— Extracted entries —
* * * * * * * * *
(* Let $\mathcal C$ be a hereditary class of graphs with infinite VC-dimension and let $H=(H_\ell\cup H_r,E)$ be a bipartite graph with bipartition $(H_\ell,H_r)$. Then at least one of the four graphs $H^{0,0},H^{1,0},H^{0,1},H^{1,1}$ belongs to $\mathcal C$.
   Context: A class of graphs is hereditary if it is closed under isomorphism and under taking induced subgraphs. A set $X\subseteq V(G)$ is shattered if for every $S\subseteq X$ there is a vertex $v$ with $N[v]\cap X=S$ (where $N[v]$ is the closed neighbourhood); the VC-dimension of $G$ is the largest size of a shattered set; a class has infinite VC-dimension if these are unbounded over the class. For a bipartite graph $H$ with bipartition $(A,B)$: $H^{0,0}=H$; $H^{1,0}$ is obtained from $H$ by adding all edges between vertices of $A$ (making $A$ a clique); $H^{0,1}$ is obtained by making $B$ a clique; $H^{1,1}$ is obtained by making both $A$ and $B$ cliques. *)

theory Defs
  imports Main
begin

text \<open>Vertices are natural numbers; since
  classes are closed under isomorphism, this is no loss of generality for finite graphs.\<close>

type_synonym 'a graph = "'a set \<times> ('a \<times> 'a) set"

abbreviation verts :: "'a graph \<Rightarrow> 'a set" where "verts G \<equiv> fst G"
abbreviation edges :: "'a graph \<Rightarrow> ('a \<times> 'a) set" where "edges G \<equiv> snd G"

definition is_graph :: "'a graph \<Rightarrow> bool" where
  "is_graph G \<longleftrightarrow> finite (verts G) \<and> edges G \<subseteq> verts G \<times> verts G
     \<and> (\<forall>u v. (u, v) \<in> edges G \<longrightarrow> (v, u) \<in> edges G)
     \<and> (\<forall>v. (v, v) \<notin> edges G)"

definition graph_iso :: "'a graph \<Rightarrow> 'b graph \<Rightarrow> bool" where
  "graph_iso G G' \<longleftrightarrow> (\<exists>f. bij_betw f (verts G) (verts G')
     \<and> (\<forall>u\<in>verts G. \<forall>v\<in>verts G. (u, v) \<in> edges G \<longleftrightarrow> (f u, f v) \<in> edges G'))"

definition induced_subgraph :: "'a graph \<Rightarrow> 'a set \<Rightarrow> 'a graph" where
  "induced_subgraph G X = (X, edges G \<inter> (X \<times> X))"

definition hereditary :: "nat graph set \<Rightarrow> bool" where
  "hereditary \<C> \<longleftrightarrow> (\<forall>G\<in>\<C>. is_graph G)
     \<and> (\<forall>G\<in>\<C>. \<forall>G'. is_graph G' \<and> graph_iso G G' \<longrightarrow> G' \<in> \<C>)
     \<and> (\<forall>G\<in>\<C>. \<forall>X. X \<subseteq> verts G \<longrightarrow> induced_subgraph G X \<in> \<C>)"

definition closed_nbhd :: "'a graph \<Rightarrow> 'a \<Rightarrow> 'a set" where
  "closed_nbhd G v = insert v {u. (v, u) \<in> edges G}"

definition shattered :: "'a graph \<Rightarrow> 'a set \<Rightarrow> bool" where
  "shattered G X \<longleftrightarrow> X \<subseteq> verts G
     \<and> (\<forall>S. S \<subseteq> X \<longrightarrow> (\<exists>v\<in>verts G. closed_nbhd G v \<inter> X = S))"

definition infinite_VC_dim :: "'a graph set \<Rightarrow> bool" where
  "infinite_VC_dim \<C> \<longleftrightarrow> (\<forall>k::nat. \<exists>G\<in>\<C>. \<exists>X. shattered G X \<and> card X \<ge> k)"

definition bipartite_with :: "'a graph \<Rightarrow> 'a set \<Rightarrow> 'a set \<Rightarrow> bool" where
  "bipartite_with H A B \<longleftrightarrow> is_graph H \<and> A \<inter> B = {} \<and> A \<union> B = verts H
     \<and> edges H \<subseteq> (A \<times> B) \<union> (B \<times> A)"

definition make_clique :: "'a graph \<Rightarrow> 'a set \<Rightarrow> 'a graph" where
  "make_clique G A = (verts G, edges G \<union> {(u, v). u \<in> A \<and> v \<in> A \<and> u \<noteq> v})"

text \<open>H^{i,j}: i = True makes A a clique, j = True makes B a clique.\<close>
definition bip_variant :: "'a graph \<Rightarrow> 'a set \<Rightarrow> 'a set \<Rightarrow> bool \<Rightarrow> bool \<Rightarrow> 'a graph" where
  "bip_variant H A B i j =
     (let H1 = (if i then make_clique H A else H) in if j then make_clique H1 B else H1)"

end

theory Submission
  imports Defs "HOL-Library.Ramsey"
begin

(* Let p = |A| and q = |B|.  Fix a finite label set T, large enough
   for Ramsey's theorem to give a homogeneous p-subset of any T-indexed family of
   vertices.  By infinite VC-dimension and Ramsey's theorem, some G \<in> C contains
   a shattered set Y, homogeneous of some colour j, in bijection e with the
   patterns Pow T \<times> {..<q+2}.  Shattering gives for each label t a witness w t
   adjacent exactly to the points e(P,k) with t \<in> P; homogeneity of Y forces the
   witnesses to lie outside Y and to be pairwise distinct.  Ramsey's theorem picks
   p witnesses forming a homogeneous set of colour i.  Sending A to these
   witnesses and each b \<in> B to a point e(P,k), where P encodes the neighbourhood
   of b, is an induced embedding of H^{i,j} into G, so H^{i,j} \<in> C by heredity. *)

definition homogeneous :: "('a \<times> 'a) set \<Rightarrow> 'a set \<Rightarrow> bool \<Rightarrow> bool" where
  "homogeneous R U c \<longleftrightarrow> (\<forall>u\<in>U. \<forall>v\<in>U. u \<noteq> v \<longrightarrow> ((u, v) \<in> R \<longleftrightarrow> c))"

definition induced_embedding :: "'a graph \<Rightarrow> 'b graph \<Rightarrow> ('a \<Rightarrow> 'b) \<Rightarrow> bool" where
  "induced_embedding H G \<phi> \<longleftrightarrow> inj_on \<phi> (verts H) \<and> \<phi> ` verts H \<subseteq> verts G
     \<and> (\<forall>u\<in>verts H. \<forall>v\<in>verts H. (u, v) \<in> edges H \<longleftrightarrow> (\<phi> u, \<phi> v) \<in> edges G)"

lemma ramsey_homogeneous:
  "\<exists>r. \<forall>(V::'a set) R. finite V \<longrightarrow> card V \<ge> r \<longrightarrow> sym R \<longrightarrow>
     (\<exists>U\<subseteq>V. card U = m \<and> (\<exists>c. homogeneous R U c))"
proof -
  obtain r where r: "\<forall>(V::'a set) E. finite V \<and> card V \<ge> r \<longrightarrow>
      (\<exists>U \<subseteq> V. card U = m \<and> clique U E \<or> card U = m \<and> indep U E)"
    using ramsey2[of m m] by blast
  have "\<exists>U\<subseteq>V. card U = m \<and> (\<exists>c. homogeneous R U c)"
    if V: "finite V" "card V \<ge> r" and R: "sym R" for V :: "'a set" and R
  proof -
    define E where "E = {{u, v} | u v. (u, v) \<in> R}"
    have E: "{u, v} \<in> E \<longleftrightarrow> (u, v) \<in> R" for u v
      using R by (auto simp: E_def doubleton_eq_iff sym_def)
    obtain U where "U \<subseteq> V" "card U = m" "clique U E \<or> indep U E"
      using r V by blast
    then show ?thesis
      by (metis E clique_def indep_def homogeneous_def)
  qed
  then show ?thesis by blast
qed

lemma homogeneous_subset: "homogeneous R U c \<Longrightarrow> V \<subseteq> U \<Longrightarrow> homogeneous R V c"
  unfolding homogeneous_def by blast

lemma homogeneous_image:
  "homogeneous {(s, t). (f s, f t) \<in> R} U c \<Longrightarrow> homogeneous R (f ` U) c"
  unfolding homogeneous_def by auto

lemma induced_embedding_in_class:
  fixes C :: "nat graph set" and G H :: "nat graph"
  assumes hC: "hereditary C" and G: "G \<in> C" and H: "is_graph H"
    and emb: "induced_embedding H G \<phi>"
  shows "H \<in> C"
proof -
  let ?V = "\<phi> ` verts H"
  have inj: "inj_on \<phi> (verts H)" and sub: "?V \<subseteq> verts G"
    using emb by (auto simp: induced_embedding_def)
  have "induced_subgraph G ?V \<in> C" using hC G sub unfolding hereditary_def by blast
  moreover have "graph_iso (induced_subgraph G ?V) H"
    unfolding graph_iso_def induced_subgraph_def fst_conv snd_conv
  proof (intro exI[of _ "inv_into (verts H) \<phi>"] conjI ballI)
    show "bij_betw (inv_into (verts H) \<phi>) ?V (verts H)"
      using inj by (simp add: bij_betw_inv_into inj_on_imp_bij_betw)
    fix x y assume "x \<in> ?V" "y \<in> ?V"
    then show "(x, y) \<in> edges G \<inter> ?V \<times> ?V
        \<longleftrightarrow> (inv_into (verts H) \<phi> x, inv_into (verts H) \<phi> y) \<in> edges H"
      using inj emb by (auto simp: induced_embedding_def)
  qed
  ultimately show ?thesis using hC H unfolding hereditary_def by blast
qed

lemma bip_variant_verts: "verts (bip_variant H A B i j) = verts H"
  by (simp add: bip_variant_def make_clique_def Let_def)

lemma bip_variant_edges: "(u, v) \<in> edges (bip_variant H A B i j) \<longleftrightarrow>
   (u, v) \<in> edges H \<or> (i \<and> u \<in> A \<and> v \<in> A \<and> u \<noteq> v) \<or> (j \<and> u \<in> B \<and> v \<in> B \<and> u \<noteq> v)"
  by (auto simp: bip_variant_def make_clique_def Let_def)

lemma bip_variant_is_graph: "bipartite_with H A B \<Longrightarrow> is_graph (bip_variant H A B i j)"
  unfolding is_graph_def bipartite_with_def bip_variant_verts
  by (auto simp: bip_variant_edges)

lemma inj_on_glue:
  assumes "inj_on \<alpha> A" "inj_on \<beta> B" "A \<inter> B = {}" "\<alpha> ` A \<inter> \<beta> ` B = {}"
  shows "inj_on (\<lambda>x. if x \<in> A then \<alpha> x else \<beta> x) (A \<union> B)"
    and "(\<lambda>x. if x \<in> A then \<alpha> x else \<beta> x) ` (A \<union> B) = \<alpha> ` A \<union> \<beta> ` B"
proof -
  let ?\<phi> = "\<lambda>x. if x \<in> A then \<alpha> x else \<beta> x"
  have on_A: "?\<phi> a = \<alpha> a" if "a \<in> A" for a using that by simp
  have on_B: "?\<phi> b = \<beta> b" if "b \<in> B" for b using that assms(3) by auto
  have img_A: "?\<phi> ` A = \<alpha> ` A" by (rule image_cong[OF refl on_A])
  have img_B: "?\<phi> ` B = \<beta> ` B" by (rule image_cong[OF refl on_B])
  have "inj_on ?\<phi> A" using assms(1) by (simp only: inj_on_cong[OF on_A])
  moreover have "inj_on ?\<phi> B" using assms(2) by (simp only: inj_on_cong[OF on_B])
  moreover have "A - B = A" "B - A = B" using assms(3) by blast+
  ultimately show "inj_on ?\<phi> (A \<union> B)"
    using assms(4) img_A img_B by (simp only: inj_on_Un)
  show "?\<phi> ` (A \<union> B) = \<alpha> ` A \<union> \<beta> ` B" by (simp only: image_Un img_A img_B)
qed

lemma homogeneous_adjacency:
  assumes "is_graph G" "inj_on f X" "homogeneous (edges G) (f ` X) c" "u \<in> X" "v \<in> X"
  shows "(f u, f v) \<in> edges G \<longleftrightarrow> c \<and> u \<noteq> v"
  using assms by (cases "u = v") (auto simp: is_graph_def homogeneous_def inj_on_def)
* * * * * * * * *
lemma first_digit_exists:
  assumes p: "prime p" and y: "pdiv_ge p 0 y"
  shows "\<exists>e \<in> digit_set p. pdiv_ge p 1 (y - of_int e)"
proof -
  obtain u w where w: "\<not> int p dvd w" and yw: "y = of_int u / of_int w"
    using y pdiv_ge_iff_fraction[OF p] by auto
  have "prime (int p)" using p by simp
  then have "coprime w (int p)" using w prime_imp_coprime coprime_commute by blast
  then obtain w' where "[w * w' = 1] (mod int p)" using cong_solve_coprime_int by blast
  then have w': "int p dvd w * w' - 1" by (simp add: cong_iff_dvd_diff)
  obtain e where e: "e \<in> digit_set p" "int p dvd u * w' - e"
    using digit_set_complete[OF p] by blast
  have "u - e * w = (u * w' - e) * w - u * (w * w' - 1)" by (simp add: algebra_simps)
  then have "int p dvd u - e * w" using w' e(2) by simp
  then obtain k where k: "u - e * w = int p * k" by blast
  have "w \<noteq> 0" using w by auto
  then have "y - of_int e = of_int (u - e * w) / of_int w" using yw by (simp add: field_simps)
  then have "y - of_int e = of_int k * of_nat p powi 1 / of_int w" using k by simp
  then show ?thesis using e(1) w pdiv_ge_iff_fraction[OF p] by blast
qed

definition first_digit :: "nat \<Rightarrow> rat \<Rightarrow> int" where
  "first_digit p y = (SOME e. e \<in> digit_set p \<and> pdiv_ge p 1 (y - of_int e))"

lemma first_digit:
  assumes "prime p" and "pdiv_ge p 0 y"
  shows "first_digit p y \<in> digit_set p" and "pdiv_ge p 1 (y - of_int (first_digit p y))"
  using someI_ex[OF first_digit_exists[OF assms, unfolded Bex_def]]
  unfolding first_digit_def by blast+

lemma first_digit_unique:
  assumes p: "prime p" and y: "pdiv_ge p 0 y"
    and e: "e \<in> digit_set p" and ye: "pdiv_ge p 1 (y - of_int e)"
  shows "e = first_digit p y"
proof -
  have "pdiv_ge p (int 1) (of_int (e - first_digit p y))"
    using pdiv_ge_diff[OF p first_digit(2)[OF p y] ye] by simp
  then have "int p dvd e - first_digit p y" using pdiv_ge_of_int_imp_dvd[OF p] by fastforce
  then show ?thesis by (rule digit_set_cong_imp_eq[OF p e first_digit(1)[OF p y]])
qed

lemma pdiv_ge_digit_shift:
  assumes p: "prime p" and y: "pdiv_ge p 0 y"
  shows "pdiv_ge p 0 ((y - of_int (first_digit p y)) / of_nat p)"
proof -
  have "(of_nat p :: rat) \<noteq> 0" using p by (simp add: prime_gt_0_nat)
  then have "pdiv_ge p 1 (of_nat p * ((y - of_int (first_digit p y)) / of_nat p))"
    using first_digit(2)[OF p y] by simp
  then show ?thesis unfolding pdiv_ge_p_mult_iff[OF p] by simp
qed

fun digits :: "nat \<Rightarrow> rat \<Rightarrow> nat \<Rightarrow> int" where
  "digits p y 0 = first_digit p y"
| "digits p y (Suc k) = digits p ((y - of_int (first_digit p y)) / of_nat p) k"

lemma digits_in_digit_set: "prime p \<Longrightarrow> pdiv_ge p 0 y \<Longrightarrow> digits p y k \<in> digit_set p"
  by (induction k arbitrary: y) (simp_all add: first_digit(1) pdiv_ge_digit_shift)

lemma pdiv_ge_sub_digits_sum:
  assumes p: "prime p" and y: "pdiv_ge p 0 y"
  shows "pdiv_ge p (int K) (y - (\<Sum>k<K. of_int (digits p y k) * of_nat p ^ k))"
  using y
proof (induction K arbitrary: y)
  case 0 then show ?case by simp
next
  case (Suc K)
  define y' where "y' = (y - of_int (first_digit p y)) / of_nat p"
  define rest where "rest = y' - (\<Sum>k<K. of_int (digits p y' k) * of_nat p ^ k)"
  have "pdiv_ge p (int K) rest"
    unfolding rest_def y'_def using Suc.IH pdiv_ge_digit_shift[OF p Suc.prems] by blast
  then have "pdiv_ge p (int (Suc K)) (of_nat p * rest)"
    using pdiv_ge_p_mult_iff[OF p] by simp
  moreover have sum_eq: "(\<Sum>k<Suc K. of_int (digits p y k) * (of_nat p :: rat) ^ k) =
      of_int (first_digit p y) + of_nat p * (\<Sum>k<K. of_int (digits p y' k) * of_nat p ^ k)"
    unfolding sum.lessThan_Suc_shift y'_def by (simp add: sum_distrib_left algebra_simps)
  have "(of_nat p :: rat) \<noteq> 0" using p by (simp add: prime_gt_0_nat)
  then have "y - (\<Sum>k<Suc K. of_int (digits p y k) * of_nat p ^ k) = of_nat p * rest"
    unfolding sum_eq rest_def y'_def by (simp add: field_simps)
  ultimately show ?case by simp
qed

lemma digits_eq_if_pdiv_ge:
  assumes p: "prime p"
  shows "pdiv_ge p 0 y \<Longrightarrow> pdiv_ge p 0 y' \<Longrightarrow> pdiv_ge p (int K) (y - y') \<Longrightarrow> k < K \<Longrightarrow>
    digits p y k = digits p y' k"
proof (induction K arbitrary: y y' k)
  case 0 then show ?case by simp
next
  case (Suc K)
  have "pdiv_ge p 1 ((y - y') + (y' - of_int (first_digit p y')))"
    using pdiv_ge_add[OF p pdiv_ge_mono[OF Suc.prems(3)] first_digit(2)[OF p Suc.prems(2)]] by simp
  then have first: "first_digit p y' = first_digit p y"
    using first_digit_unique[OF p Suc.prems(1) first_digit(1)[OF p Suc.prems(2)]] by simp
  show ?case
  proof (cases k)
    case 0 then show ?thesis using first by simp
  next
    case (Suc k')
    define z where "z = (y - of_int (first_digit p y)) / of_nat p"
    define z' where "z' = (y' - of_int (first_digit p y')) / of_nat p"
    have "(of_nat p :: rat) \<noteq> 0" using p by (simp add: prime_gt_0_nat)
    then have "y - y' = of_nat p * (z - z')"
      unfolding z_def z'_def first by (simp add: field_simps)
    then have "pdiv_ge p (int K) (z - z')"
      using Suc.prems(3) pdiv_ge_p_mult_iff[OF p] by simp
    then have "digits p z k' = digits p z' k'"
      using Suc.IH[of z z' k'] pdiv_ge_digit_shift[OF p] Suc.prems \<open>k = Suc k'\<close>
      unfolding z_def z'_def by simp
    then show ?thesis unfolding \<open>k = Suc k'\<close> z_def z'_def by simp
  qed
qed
* * * * * * * * *
— Required action —
Every line of the data that includes the word "refl" should be copied.

— Solution to this problem —
  have img_A: "?\<phi> ` A = \<alpha> ` A" by (rule image_cong[OF refl on_A])
  have img_B: "?\<phi> ` B = \<beta> ` B" by (rule image_cong[OF refl on_B])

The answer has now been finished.